Freshmen figure to factor in UT Vols' D-line mix

photo Tennessee linebacker Curt Maggitt listens to amplified music while warming up during the NCAA college football team's first spring practice of the season in Knoxville.

KNOXVILLE - Curt Maggitt has spent increasingly more time in the University of Tennessee's defensive line meeting room over the past few months.

The fourth-year junior was greeted by some even fresher faces earlier this summer.

The Volunteers added nine defensive linemen with their 2014 recruiting class, and three of them -- junior college transfer Owen Williams, former Nebraska signee Dimarya Mixon and one-time linebacker Jakob Johnson -- began their careers in January.

All of the summer arrivals will be true freshmen this season, and Tennessee likely will need a few of them to contribute sooner rather than later.

"It's been great," Maggitt said last week at SEC media days. "Me coming in, I weighed about 215 pounds. We've got guys weighing 270 and 265 already.

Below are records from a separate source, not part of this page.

lemma sin_phase_ratio_le:
  assumes "1 \<le> t" "t < q"
  shows "0 < sin (pi * phase 0)" "sin (pi * phase 0) < sin (pi * phase t)"
    and "(sin (pi * phase 0) / sin (pi * phase t))\<^sup>2 \<le> 9 / (real t)\<^sup>2 + 9 / (real (q - t))\<^sup>2"
proof -
  have "L * real q < 1" using qL_less_1 by (simp add: mult.commute)
  have "0 < real q" using q_pos by simp
  have sin_0: "sin (pi * phase 0) = sin (pi * L / 2)" by (simp add: phase_0)
  have "0 \<le> 9 / (real t)\<^sup>2" "0 \<le> 9 / (real (q - t))\<^sup>2" by simp_all
  have "0 < sin (pi * phase 0) \<and> sin (pi * phase 0) < sin (pi * phase t) \<and>
      (sin (pi * phase 0) / sin (pi * phase t))\<^sup>2 \<le> 9 / (real t)\<^sup>2 + 9 / (real (q - t))\<^sup>2"
  proof (cases "phase t \<le> 1/2")
    case True
    have "(real t / 2) / real q \<le> (real t - 1/2) / real q"
      using assms \<open>0 < real q\<close> by (intro divide_right_mono) auto
    then have "real t / (2 * real q) \<le> phase t" using phase_bounds(1)[of t] by simp
    then show ?thesis
      using sin_ratio_le[OF \<open>0 < real q\<close> L_pos \<open>L * real q < 1\<close> _ _ True, of "real t"] assms
        \<open>0 \<le> 9 / (real (q - t))\<^sup>2\<close>
      unfolding sin_0 by linarith
  next
    case False
    have "(real (q - t) / 2) / real q \<le> (real (q - t) - 1/2) / real q"
      using assms \<open>0 < real q\<close> by (intro divide_right_mono) auto
    also have "\<dots> = 1 - (real t + 1/2) / real q"
      using assms \<open>0 < real q\<close> by (simp add: of_nat_diff field_simps)
    finally have "real (q - t) / (2 * real q) \<le> 1 - phase t" using phase_bounds(2)[of t] by simp
    moreover have "1 \<le> real (q - t)" "1 - phase t \<le> 1/2" using assms False by auto
    moreover have "sin (pi * (1 - phase t)) = sin (pi * phase t)"
      by (simp add: right_diff_distrib)
    ultimately have "0 < sin (pi * L / 2)" "sin (pi * L / 2) < sin (pi * phase t)"
      "(sin (pi * L / 2) / sin (pi * phase t))\<^sup>2 \<le> 9 / (real (q - t))\<^sup>2"
      using sin_ratio_le[OF \<open>0 < real q\<close> L_pos \<open>L * real q < 1\<close>, of "real (q - t)" "1 - phase t"]
      by simp_all
    then show ?thesis using \<open>0 \<le> 9 / (real t)\<^sup>2\<close> unfolding sin_0 by linarith
  qed
  then show "0 < sin (pi * phase 0)" "sin (pi * phase 0) < sin (pi * phase t)"
    "(sin (pi * phase 0) / sin (pi * phase t))\<^sup>2 \<le> 9 / (real t)\<^sup>2 + 9 / (real (q - t))\<^sup>2"
    by auto
qed

lemma factor_in_unit:
  assumes "1 \<le> t" "t < q"
  shows "0 \<le> factor t" "factor t \<le> 1"
proof -
  note r = sin_phase_ratio_le[OF assms]
  have "0 < sin (pi * phase 0) / sin (pi * phase t)" "sin (pi * phase 0) / sin (pi * phase t) < 1"
    using r(1,2) by simp_all
  then have "(sin (pi * phase 0) / sin (pi * phase t))\<^sup>2 \<le> 1" by (simp add: power_le_one)
  then show "0 \<le> factor t" "factor t \<le> 1" by (simp_all add: factor_def)
qed

lemma one_minus_factor_le:
  assumes "1 \<le> t" "t < q"
  shows "1 - factor t \<le> 9 / (real t)\<^sup>2 + 9 / (real (q - t))\<^sup>2"
  using sin_phase_ratio_le(3)[OF assms] by (simp add: factor_def)

lemma approx_factor_in_unit:
  assumes "1 \<le> t"
  shows "0 \<le> approx_factor t" "approx_factor t \<le> 1"
proof -
  have "real t \<le> real t / (real q * L)"
    using assms q_pos L_pos qL_less_1 by (simp add: le_divide_eq)
  moreover have "\<xi> t \<le> 1/2" using abs_xi_le[of t] by simp
  ultimately have "1/2 \<le> real t / (real q * L) - \<xi> t" using assms by linarith
  then have "(1/2)\<^sup>2 \<le> (real t / (real q * L) - \<xi> t)\<^sup>2" by (rule power_mono) simp
  then have "1 \<le> 4 * (real t / (real q * L) - \<xi> t)\<^sup>2" by (simp add: power_divide)
  then have "1 / (4 * (real t / (real q * L) - \<xi> t)\<^sup>2) \<le> 1" by (simp add: divide_le_eq_1)
  then show "0 \<le> approx_factor t" "approx_factor t \<le> 1" by (simp_all add: approx_factor_def)
qed

lemma abs_factor_diff_le:
  assumes "1 \<le> t" "4 * t + 2 \<le> q"
  shows "\<bar>factor t - approx_factor t\<bar> \<le> 4 / (real q)\<^sup>2"
proof -
  define u where "u = pi * phase 0"
  define v where "v = pi * phase t"
  have "0 < real q" using q_pos by simp
  have "(1/2) / real q \<le> (real t - 1/2) / real q"
    using assms \<open>0 < real q\<close> by (intro divide_right_mono) auto
  then have "L / 2 \<le> phase t" using phase_bounds(1)[of t] L_less_inverse_q by simp
  then have "0 < u" "u \<le> v" by (simp_all add: u_def v_def phase_0 L_pos)
  have "v \<le> 4 * ((real t + 1/2) / real q)"
    using phase_bounds(2)[of t] pi_less_4 \<open>L / 2 \<le> phase t\<close> L_pos unfolding v_def
    by (intro mult_mono) auto
  also have "\<dots> \<le> 1" using assms \<open>0 < real q\<close> by (simp add: field_simps)
  finally have "v \<le> 1" .
  have "approx_factor t = 1 - (u / v)\<^sup>2"
  proof -
    have shift: "real t / (real q * L) - \<xi> t = phase t / L"
      using L_pos \<open>0 < real q\<close> by (simp add: phase_def field_simps)
    have "0 < phase t" using L_pos \<open>L / 2 \<le> phase t\<close> by linarith
    then show ?thesis
      using L_pos unfolding approx_factor_def shift u_def v_def phase_0
      by (simp add: power_divide power_mult_distrib field_simps)
  qed
  moreover have "factor t = 1 - (sin u / sin v)\<^sup>2" by (simp add: factor_def u_def v_def)
  moreover have "u\<^sup>2 \<le> (2 / real q)\<^sup>2"
  proof -
    have "pi * L \<le> 4 * L" using pi_less_4 L_pos by (intro mult_right_mono) auto
    moreover have "4 * L \<le> 4 / real q" using L_less_inverse_q by simp
    ultimately have "u \<le> 2 / real q" by (simp add: u_def phase_0)
    then show ?thesis using \<open>0 < u\<close> by (intro power_mono) auto
  qed
  ultimately show ?thesis
    using sin_sq_ratio_approx[OF \<open>0 < u\<close> \<open>u \<le> v\<close> \<open>v \<le> 1\<close>] by (simp add: power_divide)
qed

lemma abs_prod_factor_diff_le:
  assumes "(real k)\<^sup>2 \<le> real q" "4 * k + 2 \<le> q"
  shows "\<bar>(\<Prod>t = 1..k. factor t) - (\<Prod>t = 1..k. approx_factor t)\<bar> \<le> 4 / real k"
proof -
  have "\<bar>(\<Prod>t = 1..k. factor t) - (\<Prod>t = 1..k. approx_factor t)\<bar>
      \<le> (\<Sum>t = 1..k. \<bar>factor t - approx_factor t\<bar>)"
    using assms factor_in_unit approx_factor_in_unit by (intro abs_prod_diff_le_sum) auto
  also have "\<dots> \<le> (\<Sum>t = 1..k. 4 / (real q)\<^sup>2)"
    using assms by (intro sum_mono abs_factor_diff_le) auto
  also have "\<dots> = real k * 4 / (real q)\<^sup>2" by simp
  also have "\<dots> \<le> 4 / real k"
  proof (cases "k = 0")
    case False
    have "real q \<le> (real q)\<^sup>2" using q_pos by (simp add: power2_eq_square)
    then have "(real k)\<^sup>2 \<le> (real q)\<^sup>2" using assms(1) by linarith
    then show ?thesis using False q_pos by (simp add: field_simps power2_eq_square)
  qed simp
  finally show ?thesis .
qed

lemma prod_sqrt_factor_middle_ge:
  assumes "1 \<le> k" "2 * k < q"
  shows "1 - 18 / real k \<le> (\<Prod>t = Suc k..q - Suc k. sqrt (factor t))"
proof -
  let ?I = "{Suc k..q - Suc k}"
  have t_range: "1 \<le> t" "t < q" if "t \<in> ?I" for t using that assms by auto
  have term_le: "\<bar>1 - sqrt (factor t)\<bar> \<le> 9 / (real t)\<^sup>2 + 9 / (real (q - t))\<^sup>2" if "t \<in> ?I" for t
  proof -
    have "0 \<le> factor t" "sqrt (factor t) \<le> 1" using factor_in_unit[OF t_range[OF that]] by simp_all
    then have "sqrt (factor t) * sqrt (factor t) \<le> sqrt (factor t)" by (intro mult_left_le) auto
    then have "factor t \<le> sqrt (factor t)" using \<open>0 \<le> factor t\<close> by simp
    then show ?thesis using one_minus_factor_le[OF t_range[OF that]] \<open>sqrt (factor t) \<le> 1\<close> by simp
  qed
  have reflect: "(\<Sum>t\<in>?I. 1 / (real (q - t))\<^sup>2) = (\<Sum>t\<in>?I. 1 / (real t)\<^sup>2)"
    using assms by (subst sum.atLeastAtMost_rev) (intro sum.cong; auto)
  have "(\<Sum>t\<in>?I. 1 / (real t)\<^sup>2) \<le> 1 / real k - 1 / real (q - Suc k)"
    using assms by (intro sum_inverse_square_le) auto
  moreover have "0 \<le> 1 / real (q - Suc k)" by simp
  ultimately have harmonic: "(\<Sum>t\<in>?I. 1 / (real t)\<^sup>2) \<le> 1 / real k" by (smt (verit))
  have "1 - (\<Prod>t\<in>?I. sqrt (factor t)) \<le> \<bar>(\<Prod>t\<in>?I. 1) - (\<Prod>t\<in>?I. sqrt (factor t))\<bar>"
    by simp
  also have "\<dots> \<le> (\<Sum>t\<in>?I. \<bar>1 - sqrt (factor t)\<bar>)"
    using factor_in_unit t_range by (intro abs_prod_diff_le_sum) auto
  also have "\<dots> \<le> (\<Sum>t\<in>?I. 9 / (real t)\<^sup>2 + 9 / (real (q - t))\<^sup>2)"
    using term_le by (intro sum_mono)
  also have "\<dots> = 9 * (\<Sum>t\<in>?I. 1 / (real t)\<^sup>2) + 9 * (\<Sum>t\<in>?I. 1 / (real (q - t))\<^sup>2)"
    by (simp add: sum.distrib sum_distrib_left)
  also have "\<dots> \<le> 18 / real k" unfolding reflect using harmonic by simp
  finally show ?thesis by simp
qed

theorem abs_prod_sqrt_factor_diff_le:
  assumes "64 \<le> q"
  defines "\<kappa> \<equiv> nat \<lfloor>sqrt (real q)\<rfloor>"
  shows "\<bar>(\<Prod>t = 1..q - 1. sqrt (factor t)) - (\<Prod>t = 1..\<kappa>. approx_factor t)\<bar> \<le> 22 / real \<kappa>"
proof -
  have "8 \<le> \<kappa>" unfolding \<kappa>_def using assms by (intro le_nat_floor_sqrt) simp
  have "(real \<kappa>)\<^sup>2 \<le> real q" unfolding \<kappa>_def by (intro nat_floor_sqrt_sq_le) simp
  moreover have "8 * real \<kappa> \<le> (real \<kappa>)\<^sup>2"
    using \<open>8 \<le> \<kappa>\<close> by (simp add: power2_eq_square mult_right_mono)
  ultimately have "4 * \<kappa> + 2 \<le> q" "2 * \<kappa> < q" using \<open>8 \<le> \<kappa>\<close> by linarith+
  define X where "X = (\<Prod>t = 1..\<kappa>. factor t)"
  define Y where "Y = (\<Prod>t = Suc \<kappa>..q - Suc \<kappa>. sqrt (factor t))"
  define Z where "Z = (\<Prod>t = 1..\<kappa>. approx_factor t)"
  have "(\<Prod>t = 1..q - 1. sqrt (factor t)) = (\<Prod>t = 1..\<kappa>. sqrt (factor t))\<^sup>2 * Y"
    unfolding Y_def using \<open>2 * \<kappa> < q\<close> factor_reflect by (intro prod_reflect_split) auto
  also have "(\<Prod>t = 1..\<kappa>. sqrt (factor t))\<^sup>2 = X"
    unfolding X_def prod_power_distrib using \<open>2 * \<kappa> < q\<close> factor_in_unit
    by (intro prod.cong) auto
  finally have split: "(\<Prod>t = 1..q - 1. sqrt (factor t)) = X * Y" .
  have "0 \<le> X" "X \<le> 1" "0 \<le> Y" "Y \<le> 1"
    unfolding X_def Y_def using \<open>2 * \<kappa> < q\<close> factor_in_unit
    by (auto intro!: prod_nonneg prod_le_1)
  have "X * Y - Z = (X - Z) - X * (1 - Y)" by (simp add: algebra_simps)
  moreover have "0 \<le> X * (1 - Y)" using \<open>0 \<le> X\<close> \<open>Y \<le> 1\<close> by simp
  ultimately have "\<bar>X * Y - Z\<bar> \<le> X * (1 - Y) + \<bar>X - Z\<bar>" by linarith
  also have "\<dots> \<le> (1 - Y) + \<bar>X - Z\<bar>"
    using \<open>X \<le> 1\<close> \<open>Y \<le> 1\<close> mult_left_le_one_le[of "1 - Y" X] \<open>0 \<le> X\<close> by simp
  also have "\<dots> \<le> 18 / real \<kappa> + 4 / real \<kappa>"
    using prod_sqrt_factor_middle_ge[of \<kappa>] abs_prod_factor_diff_le[of \<kappa>]
      \<open>(real \<kappa>)\<^sup>2 \<le> real q\<close> \<open>4 * \<kappa> + 2 \<le> q\<close> \<open>2 * \<kappa> < q\<close> \<open>8 \<le> \<kappa>\<close>
    unfolding X_def Y_def Z_def by (intro add_mono) auto
  finally show ?thesis unfolding split Z_def by simp
qed

end

theorem lemma4p3:
  fixes \<alpha> :: real
  assumes "0 < \<alpha>" "\<alpha> < 1" "\<alpha> \<notin> \<rat>"
  shows "\<exists>K::real. \<exists>N. \<forall>n\<ge>N.
    \<bar>cf_C \<alpha> n - (\<Prod>t = 1..cf_kappa \<alpha> n.
        1 - 1 / (4 * (real t / cf_c \<alpha> n - cf_xi \<alpha> n t)\<^sup>2))\<bar>
      \<le> K / real (cf_kappa \<alpha> n)"
proof -
  interpret irrational_in_unit \<alpha> using assms by unfold_locales
  have "\<bar>cf_C \<alpha> n - (\<Prod>t = 1..cf_kappa \<alpha> n. 1 - 1 / (4 * (real t / cf_c \<alpha> n - cf_xi \<alpha> n t)\<^sup>2))\<bar>
      \<le> 22 / real (cf_kappa \<alpha> n)" if n_ge: "66 \<le> n" for n
  proof -
    obtain m where n: "n = Suc m" using n_ge by (cases n) auto
    have "64 \<le> cf_q \<alpha> n" using cf_q_Suc_ge[of m] n_ge n by auto
    interpret sine_ratio_product "cf_q \<alpha> n" "\<bar>cf_Lambda \<alpha> n\<bar>" "cf_xi \<alpha> n"
      using \<open>64 \<le> cf_q \<alpha> n\<close> abs_cf_Lambda_Suc_pos cf_c_Suc_less_1 cf_c_Suc_eq abs_cf_xi_le cf_xi_0
        cf_xi_reflect
      by unfold_locales (simp_all add: n)
    have "cf_C \<alpha> n = (\<Prod>t = 1..cf_q \<alpha> n - 1. sqrt (factor t))"
      by (simp add: cf_C_def cf_s_def factor_def phase_def power_divide)
    moreover have "(\<Prod>t = 1..cf_kappa \<alpha> n. 1 - 1 / (4 * (real t / cf_c \<alpha> n - cf_xi \<alpha> n t)\<^sup>2))
        = (\<Prod>t = 1..cf_kappa \<alpha> n. approx_factor t)"
      by (intro prod.cong) (simp_all add: approx_factor_def cf_c_Suc_eq[of m, folded n])
    ultimately show ?thesis
      using abs_prod_sqrt_factor_diff_le[OF \<open>64 \<le> cf_q \<alpha> n\<close>] by (simp only: cf_kappa_def)
  qed
  then show ?thesis by blast
qed

end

I like those guys a lot.

"Any time I ask them to do something, they're doing it to the best of their ability. If they need help with something, they're coming to me, and I respect those guys and I'm looking to mentor them a lot this camp."

Tennessee opens preseason practice a week from tonight, and that's when newcomers such as Dewayne Hendrix, Derek Barnett, Michael Sawyers and Joe Henderson will begin to show how ready they are to play now.

The other freshmen are Jashon Robertson, a candidate to play on the offensive line if needed, and Charles Mosley, who suffered a broken tibia in a car accident earlier this month and faces a long road of recovery.

Hendrix (listed at 6-foot-4 and 273 pounds) and Barnett (6-3, 267) were consensus four-star recruits and may be the most ready to contribute physically. Sawyers (6-3, 299) figures to get plenty of opportunities at defensive tackle. Henderson (6-4, 232) had 14.5 sacks and 21 tackles for loss his senior season in high school.

Tennessee's coaches moved Johnson from linebacker to defensive end late in spring practice, and the German-born freshman could figure into the mix as well.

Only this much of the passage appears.